__Your instructions__: Examine each line of the data. Copy those that contain the string "with".

==== Provided records ====

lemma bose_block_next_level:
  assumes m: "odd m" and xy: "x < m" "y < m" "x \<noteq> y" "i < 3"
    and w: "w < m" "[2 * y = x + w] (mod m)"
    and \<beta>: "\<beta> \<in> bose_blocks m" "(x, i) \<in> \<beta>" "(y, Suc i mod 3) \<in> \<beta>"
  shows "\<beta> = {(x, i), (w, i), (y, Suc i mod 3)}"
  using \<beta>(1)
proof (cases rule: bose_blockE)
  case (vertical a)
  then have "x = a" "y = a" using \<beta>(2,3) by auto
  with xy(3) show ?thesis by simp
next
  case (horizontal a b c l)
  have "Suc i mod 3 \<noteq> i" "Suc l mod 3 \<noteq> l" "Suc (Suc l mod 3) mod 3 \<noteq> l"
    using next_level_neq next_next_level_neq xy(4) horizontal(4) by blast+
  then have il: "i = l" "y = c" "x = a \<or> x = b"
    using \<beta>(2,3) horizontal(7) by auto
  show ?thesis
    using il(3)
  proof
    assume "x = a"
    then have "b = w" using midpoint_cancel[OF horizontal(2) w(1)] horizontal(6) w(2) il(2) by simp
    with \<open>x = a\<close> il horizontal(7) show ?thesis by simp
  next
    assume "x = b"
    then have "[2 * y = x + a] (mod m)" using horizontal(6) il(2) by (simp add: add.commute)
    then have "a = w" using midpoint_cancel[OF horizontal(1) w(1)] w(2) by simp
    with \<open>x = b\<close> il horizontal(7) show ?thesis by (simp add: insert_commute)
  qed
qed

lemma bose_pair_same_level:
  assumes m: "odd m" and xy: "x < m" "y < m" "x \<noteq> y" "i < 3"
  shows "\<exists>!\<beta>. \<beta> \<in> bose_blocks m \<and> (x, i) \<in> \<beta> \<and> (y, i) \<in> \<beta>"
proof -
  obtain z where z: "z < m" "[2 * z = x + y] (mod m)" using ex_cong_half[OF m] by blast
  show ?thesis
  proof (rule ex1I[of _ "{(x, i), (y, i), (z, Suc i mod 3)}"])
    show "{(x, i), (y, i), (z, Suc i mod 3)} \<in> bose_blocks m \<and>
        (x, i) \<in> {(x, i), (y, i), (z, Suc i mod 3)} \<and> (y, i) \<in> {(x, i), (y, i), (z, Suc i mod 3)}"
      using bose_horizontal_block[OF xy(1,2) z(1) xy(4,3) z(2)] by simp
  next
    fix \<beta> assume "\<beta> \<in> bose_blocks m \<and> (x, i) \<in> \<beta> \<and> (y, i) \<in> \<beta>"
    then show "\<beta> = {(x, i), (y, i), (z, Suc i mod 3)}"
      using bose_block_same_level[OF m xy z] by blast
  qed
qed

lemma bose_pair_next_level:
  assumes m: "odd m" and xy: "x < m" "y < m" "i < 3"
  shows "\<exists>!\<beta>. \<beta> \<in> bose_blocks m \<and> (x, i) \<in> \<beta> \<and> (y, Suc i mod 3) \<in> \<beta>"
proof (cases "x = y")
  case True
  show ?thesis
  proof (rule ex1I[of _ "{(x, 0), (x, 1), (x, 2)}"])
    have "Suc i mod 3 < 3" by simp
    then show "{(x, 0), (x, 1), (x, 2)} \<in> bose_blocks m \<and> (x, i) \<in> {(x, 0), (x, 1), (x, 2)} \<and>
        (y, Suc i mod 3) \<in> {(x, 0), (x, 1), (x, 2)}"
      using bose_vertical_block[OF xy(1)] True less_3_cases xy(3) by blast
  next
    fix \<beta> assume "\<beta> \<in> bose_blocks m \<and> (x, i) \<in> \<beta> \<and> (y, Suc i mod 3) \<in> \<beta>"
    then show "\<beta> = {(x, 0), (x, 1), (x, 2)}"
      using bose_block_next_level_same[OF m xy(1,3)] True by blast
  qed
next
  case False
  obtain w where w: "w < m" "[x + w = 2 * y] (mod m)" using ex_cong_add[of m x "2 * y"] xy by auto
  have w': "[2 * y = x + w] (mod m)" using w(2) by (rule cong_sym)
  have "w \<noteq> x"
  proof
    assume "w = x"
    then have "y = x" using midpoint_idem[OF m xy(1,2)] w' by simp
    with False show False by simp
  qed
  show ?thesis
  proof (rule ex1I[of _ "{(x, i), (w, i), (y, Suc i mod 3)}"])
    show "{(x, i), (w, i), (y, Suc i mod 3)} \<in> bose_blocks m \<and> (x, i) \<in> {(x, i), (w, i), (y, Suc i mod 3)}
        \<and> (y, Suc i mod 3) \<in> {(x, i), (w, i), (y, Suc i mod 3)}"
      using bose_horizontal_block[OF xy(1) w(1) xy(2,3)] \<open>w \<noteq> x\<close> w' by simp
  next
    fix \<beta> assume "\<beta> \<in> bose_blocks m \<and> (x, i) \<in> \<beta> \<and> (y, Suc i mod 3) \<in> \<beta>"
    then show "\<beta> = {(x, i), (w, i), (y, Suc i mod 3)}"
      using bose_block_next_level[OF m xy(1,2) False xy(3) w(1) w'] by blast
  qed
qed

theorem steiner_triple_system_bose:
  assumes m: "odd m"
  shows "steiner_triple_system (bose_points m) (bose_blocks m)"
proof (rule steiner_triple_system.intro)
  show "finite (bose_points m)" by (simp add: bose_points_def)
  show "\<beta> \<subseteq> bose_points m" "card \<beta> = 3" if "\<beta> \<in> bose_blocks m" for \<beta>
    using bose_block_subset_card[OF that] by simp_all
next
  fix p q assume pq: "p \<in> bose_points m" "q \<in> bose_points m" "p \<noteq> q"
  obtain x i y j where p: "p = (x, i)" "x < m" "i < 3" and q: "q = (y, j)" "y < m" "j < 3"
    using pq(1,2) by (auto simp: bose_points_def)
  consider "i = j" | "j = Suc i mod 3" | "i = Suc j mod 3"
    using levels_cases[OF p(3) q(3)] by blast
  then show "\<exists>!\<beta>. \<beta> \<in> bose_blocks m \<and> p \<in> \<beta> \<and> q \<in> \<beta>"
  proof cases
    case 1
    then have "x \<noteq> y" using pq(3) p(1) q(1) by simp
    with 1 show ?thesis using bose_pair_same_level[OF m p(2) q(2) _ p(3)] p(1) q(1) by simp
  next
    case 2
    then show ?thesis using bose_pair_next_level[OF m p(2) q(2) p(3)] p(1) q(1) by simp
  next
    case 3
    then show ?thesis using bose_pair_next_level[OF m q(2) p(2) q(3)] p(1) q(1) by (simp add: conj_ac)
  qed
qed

====
==== Provided records ====

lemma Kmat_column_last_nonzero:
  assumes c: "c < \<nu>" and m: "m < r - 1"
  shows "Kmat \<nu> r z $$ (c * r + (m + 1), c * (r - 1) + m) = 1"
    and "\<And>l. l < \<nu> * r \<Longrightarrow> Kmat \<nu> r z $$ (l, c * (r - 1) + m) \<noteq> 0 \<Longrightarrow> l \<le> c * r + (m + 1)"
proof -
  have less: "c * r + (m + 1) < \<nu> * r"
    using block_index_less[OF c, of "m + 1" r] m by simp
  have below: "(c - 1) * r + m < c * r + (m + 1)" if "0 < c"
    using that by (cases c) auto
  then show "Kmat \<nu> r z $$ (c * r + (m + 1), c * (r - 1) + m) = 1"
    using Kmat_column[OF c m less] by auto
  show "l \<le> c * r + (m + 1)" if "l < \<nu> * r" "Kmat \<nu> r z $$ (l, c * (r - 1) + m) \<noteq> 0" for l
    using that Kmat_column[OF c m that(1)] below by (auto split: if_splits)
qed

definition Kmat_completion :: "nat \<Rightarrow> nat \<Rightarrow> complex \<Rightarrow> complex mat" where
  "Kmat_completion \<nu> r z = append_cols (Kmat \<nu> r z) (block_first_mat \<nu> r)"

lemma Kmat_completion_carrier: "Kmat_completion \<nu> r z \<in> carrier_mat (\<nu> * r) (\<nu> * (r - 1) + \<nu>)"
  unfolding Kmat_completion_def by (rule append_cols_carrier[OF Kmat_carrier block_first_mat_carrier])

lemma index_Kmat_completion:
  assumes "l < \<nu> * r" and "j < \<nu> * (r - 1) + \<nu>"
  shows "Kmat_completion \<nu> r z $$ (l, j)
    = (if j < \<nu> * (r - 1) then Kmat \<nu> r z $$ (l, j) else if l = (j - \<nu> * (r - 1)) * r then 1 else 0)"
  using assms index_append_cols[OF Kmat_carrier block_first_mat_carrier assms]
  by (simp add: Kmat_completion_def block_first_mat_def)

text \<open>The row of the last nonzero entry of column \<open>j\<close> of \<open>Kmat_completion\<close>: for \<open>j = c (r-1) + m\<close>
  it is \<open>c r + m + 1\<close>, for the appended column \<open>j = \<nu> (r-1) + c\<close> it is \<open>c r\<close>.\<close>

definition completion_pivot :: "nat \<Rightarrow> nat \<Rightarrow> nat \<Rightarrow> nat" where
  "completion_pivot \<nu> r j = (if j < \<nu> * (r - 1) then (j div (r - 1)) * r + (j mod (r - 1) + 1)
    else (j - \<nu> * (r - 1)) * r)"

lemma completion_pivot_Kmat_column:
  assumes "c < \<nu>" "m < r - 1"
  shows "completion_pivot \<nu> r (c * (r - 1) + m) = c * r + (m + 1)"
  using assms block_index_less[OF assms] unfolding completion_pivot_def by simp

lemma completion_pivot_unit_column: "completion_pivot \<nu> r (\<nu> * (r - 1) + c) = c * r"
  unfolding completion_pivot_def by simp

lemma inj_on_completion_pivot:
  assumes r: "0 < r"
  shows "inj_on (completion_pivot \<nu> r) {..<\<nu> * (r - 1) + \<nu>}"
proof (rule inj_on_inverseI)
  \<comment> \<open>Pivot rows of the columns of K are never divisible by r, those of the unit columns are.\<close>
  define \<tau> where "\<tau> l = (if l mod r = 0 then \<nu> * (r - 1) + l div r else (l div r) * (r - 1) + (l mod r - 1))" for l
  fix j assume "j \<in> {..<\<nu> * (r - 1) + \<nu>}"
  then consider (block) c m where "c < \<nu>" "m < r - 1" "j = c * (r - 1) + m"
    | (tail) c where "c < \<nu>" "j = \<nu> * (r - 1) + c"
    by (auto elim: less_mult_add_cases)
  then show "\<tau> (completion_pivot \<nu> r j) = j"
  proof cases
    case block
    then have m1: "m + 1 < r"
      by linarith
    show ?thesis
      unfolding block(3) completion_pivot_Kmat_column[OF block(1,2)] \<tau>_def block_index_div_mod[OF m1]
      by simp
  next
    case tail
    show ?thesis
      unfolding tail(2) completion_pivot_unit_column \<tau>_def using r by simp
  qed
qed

====

__Exercise output__:
  with xy(3) show ?thesis by simp
    with \<open>x = a\<close> il horizontal(7) show ?thesis by simp
    with \<open>x = b\<close> il horizontal(7) show ?thesis by (simp add: insert_commute)
    with False show False by simp
    with 1 show ?thesis using bose_pair_same_level[OF m p(2) q(2) _ p(3)] p(1) q(1) by simp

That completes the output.